How do we explain, Jacobs asks, that “we are remarkably prone to doing bad things — and, more disturbingly, things we acknowledge to be wrong” (xv).
Chp 1 is the summary of six stories:
1. Little Ajax, after his famous battle at Troy, returned to his hometown Locris and boasted of his own powers to save himself from a storm at sea — and the gods struck him dead — and now the wrath of Athena was after Locris. So, to expiate the pride of little Ajax, for centuries they sent two young women to Troy where they were dedicated to the priests; if Trojans spotted them prior to getting to the priests, they could kill them. Why, Jacobs is asking, this sense of inherited guilt?

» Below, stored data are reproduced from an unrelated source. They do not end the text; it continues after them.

(* Let $X$ be an $n$-dimensional real normed space and let $Y \subseteq X$ be a $k$-dimensional subspace, where $1 \leq k \leq n-1$. Then there exists $C>0$ (depending on $Y$) such that for every $k$-dimensional subspace $Y_0 \subseteq X$ we have $\lambda(Y_0, X) \leq \lambda(Y, X) + C\,d(Y, Y_0)$.
   Context: For a subspace $V\subseteq X$, $\lambda(V,X)$ is the infimum of the operator norms of linear projections $P:X\to V$ ($P|_V=\mathrm{id}_V$). For two $k$-dimensional subspaces $Y,Z$, $d(Y,Z)$ is the Hausdorff distance (with respect to the norm of $X$) between the unit spheres of $Y$ and $Z$. *)

theory Defs
  imports "HOL-Analysis.Analysis"
begin

definition proj_const :: "'a::real_normed_vector set \<Rightarrow> real" where
  "proj_const V = Inf {onorm P | P. linear P \<and> range P \<subseteq> V \<and> (\<forall>v\<in>V. P v = v)}"

definition hausdorff_dist :: "'a::metric_space set \<Rightarrow> 'a set \<Rightarrow> real" where
  "hausdorff_dist S T = max (SUP x\<in>S. infdist x T) (SUP y\<in>T. infdist y S)"

definition unit_sphere_of :: "'a::real_normed_vector set \<Rightarrow> 'a set" where
  "unit_sphere_of V = {v \<in> V. norm v = 1}"

definition subspace_dist :: "'a::real_normed_vector set \<Rightarrow> 'a set \<Rightarrow> real" where
  "subspace_dist Y Z = hausdorff_dist (unit_sphere_of Y) (unit_sphere_of Z)"

end

(*
  Let P be a projection onto Y and d = d(Y,Y0) with |P| d <= 1/2. Every unit vector of Y0 lies
  within d of a unit vector of Y, on which P is the identity, so |P v| >= (1 - |P| d) |v| on Y0.
  Hence P maps Y0 injectively, and by counting dimensions onto Y, and Q = (P restricted to Y0)^-1 o P
  is a projection onto Y0 with |Q| <= |P| / (1 - |P| d) <= |P| + 2 |P|^2 d.
  When d is not small it suffices that the projection constants of all subspaces are bounded
  uniformly: orthogonal projections for the inner product in which a fixed basis is orthonormal
  are contractions for a Euclidean norm, and in finite dimension that norm is equivalent to |.|.
*)

theory Submission
  imports Defs
begin

definition linear_projection :: "('a::real_vector \<Rightarrow> 'a) \<Rightarrow> 'a set \<Rightarrow> bool" where
  "linear_projection P V \<longleftrightarrow> linear P \<and> range P \<subseteq> V \<and> (\<forall>v\<in>V. P v = v)"

lemma proj_const_eq_Inf_onorm: "proj_const V = Inf {onorm P | P. linear_projection P V}"
  by (simp add: proj_const_def linear_projection_def)

lemma unit_sphere_of_nonempty:
  assumes "subspace V" "v \<in> V" "v \<noteq> 0"
  shows "unit_sphere_of V \<noteq> {}"
proof -
  have "(1 / norm v) *\<^sub>R v \<in> unit_sphere_of V"
    using assms by (simp add: unit_sphere_of_def subspace_scale)
  then show ?thesis by blast
qed

lemma infdist_le_subspace_dist:
  assumes "unit_sphere_of Y \<noteq> {}" "u \<in> unit_sphere_of Y0"
  shows "infdist u (unit_sphere_of Y) \<le> subspace_dist Y Y0"
proof -
  obtain y where y: "y \<in> unit_sphere_of Y" using assms(1) by blast
  have "infdist w (unit_sphere_of Y) \<le> 2" if "w \<in> unit_sphere_of Y0" for w
    using infdist_le[OF y, of w] norm_triangle_ineq4[of w y] that y
    by (simp add: unit_sphere_of_def dist_norm)
  then have "infdist u (unit_sphere_of Y) \<le> (SUP w\<in>unit_sphere_of Y0. infdist w (unit_sphere_of Y))"
    using assms(2) by (intro cSUP_upper bdd_aboveI2) auto
  then show ?thesis by (simp add: subspace_dist_def hausdorff_dist_def le_max_iff_disj)
qed

lemma subspace_dist_nonneg:
  assumes "unit_sphere_of Y \<noteq> {}" "unit_sphere_of Y0 \<noteq> {}"
  shows "0 \<le> subspace_dist Y Y0"
  using assms infdist_le_subspace_dist infdist_nonneg order_trans by blast

lemma le_mult_infdist:
  assumes "A \<noteq> {}" "c \<ge> 0" "\<And>y. y \<in> A \<Longrightarrow> a \<le> c * dist x y"
  shows "a \<le> c * infdist x A"
proof (cases "c = 0")
  case True
  with assms show ?thesis by auto
next
  case False
  then have "a / c \<le> infdist x A"
    unfolding infdist_notempty[OF assms(1)] using assms
    by (intro cINF_greatest) (auto simp: divide_le_eq mult.commute)
  with False assms(2) show ?thesis by (simp add: divide_le_eq mult.commute)
qed

lemma linear_projection_norm_lower_bound:
  assumes P: "linear_projection P Y" "bounded_linear P"
    and Y: "unit_sphere_of Y \<noteq> {}" and Y0: "subspace Y0" "v \<in> Y0"
  shows "(1 - onorm P * subspace_dist Y Y0) * norm v \<le> norm (P v)"
proof (cases "v = 0")
  case True
  then show ?thesis using linear_0[of P] P(1) by (simp add: linear_projection_def)
next
  case False
  define u where "u = (1 / norm v) *\<^sub>R v"
  have u: "u \<in> unit_sphere_of Y0"
    using False Y0 by (simp add: u_def unit_sphere_of_def subspace_scale)
  have "1 - norm (P u) \<le> onorm P * dist u y" if y: "y \<in> unit_sphere_of Y" for y
  proof -
    have "1 = norm (P u + P (y - u))"
      using y P(1) by (simp add: linear_projection_def unit_sphere_of_def linear_diff)
    also have "\<dots> \<le> norm (P u) + norm (P (y - u))"
      by (rule norm_triangle_ineq)
    also have "\<dots> \<le> norm (P u) + onorm P * dist u y"
      using onorm[OF P(2), of "y - u"] by (simp add: dist_norm norm_minus_commute)
    finally show ?thesis by simp
  qed
  then have "1 - norm (P u) \<le> onorm P * infdist u (unit_sphere_of Y)"
    by (intro le_mult_infdist Y onorm_pos_le P(2))
  also have "\<dots> \<le> onorm P * subspace_dist Y Y0"
    by (intro mult_left_mono infdist_le_subspace_dist Y u onorm_pos_le P(2))
  finally have "1 - onorm P * subspace_dist Y Y0 \<le> norm (P v) / norm v"
    using P(1) False by (simp add: u_def linear_projection_def linear_scale)
  then show ?thesis using False by (simp add: pos_le_divide_eq)
qed

lemma inj_on_if_norm_lower_bound:
  assumes "linear P" "subspace Y0" "c > 0" "\<And>v. v \<in> Y0 \<Longrightarrow> c * norm v \<le> norm (P v)"
  shows "inj_on P Y0"
proof (rule inj_onI)
  fix v w assume "v \<in> Y0" "w \<in> Y0" "P v = P w"
  then have "c * norm (v - w) \<le> 0"
    using assms(4)[of "v - w"] assms(1,2) by (simp add: subspace_diff linear_diff)
  with assms(3) show "v = w" by (simp add: mult_le_0_iff)
qed

lemma linear_projection_along_kernel:
  assumes P: "linear P" "range P \<subseteq> P ` Y0" "inj_on P Y0" and Y0: "subspace Y0"
  shows "\<exists>Q. linear_projection Q Y0 \<and> (\<forall>x. P (Q x) = P x)"
proof -
  define Q where "Q = inv_into Y0 P \<circ> P"
  have Q: "Q x \<in> Y0" "P (Q x) = P x" for x
  proof -
    have "P x \<in> P ` Y0" using P(2) by blast
    then show "Q x \<in> Y0" "P (Q x) = P x" by (simp_all add: Q_def inv_into_into f_inv_into_f)
  qed
  have Q_unique: "Q x = v" if "v \<in> Y0" "P v = P x" for x v
    using inj_onD[OF P(3), of "Q x" v] Q[of x] that by simp
  have "linear Q"
  proof (rule linearI)
    show "Q (x + y) = Q x + Q y" for x y
      using Q[of x] Q[of y] Y0 P(1) by (intro Q_unique) (auto simp: subspace_add linear_add)
    show "Q (r *\<^sub>R x) = r *\<^sub>R Q x" for r x
      using Q[of x] Y0 P(1) by (intro Q_unique) (auto simp: subspace_scale linear_scale)
  qed
  then show ?thesis
    using Q Q_unique by (auto simp: linear_projection_def)
qed

locale finite_basis =
  fixes B :: "'a::real_normed_vector set"
  assumes finite_B: "finite B" and independent_B: "independent B" and span_B: "span B = UNIV"
begin

sublocale fd: finite_dimensional_vector_space "scaleR :: real \<Rightarrow> 'a \<Rightarrow> 'a" B
  rewrites "module.dependent (*\<^sub>R) = dependent"
    and "module.span (*\<^sub>R) = span"
    and "module.subspace (*\<^sub>R) = subspace"
    and "vector_space.dim (*\<^sub>R) = dim"
proof unfold_locales
  show "finite B" "\<not> module.dependent (*\<^sub>R) B" "module.span (*\<^sub>R) B = UNIV"
    using finite_B independent_B span_B by (simp_all add: dependent_raw_def span_raw_def)
qed (simp_all add: dependent_raw_def span_raw_def subspace_raw_def dim_raw_def)

sublocale fd_pair: finite_dimensional_vector_space_pair_1
    "scaleR :: real \<Rightarrow> 'a \<Rightarrow> 'a" B "scaleR :: real \<Rightarrow> 'a \<Rightarrow> 'a"
  rewrites "module.span (*\<^sub>R) = span"
    and "vector_space.dim (*\<^sub>R) = dim"
    and "Vector_Spaces.linear (*\<^sub>R) (*\<^sub>R) = linear"
  by unfold_locales (auto simp: span_raw_def dim_raw_def linear_def real_scaleR_def[abs_def])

2. A dialogue of Plato speaks of the “infatuate obsession that is bred in men by crime done long ago and never expiated, and so runs its fatal course” — and that helps to explain why humans are irreverent toward the gods. There it is again: a sense of inherited guilt and the need to expiate that old sin.
3. David and Bathsheba — and David’s prayer in Psalm 51: “Behold I was shapen in iniquity” — Jacobs like the KJV — “and in sin did my mother conceive me.” Why this wording? Why this explanation? Maybe not a full-blown original sin, but it’s more than just “I did it; blame me.”
4. Confucius, Mencius, and then Xun Zi — a move from the need to develop disciplines and the right kinds of leaders to conquer sin, the ongoing life of injustice and a lack of compassion, if society is to improve. Xun Zi said “the nature of man is evil.” Correctable, but still evil.
5. A story, which didn’t convince me like the first four, of his experience of a woodmaking shop in Africa and a student who explained a piece of art that involved fighting back the gods.
6. Finally, in Papua New Guinea, the Urapmin who converted to the Christian faith, a whole tribe. But then struggled and struggled with the ongoing presence of sin — after conversion. Why? they were asking.
So, there are some examples. How to explain this stuff? The ubiquity of a conscious of sin, of the inheritance of sin, and of the need to expiate or deal with that sin.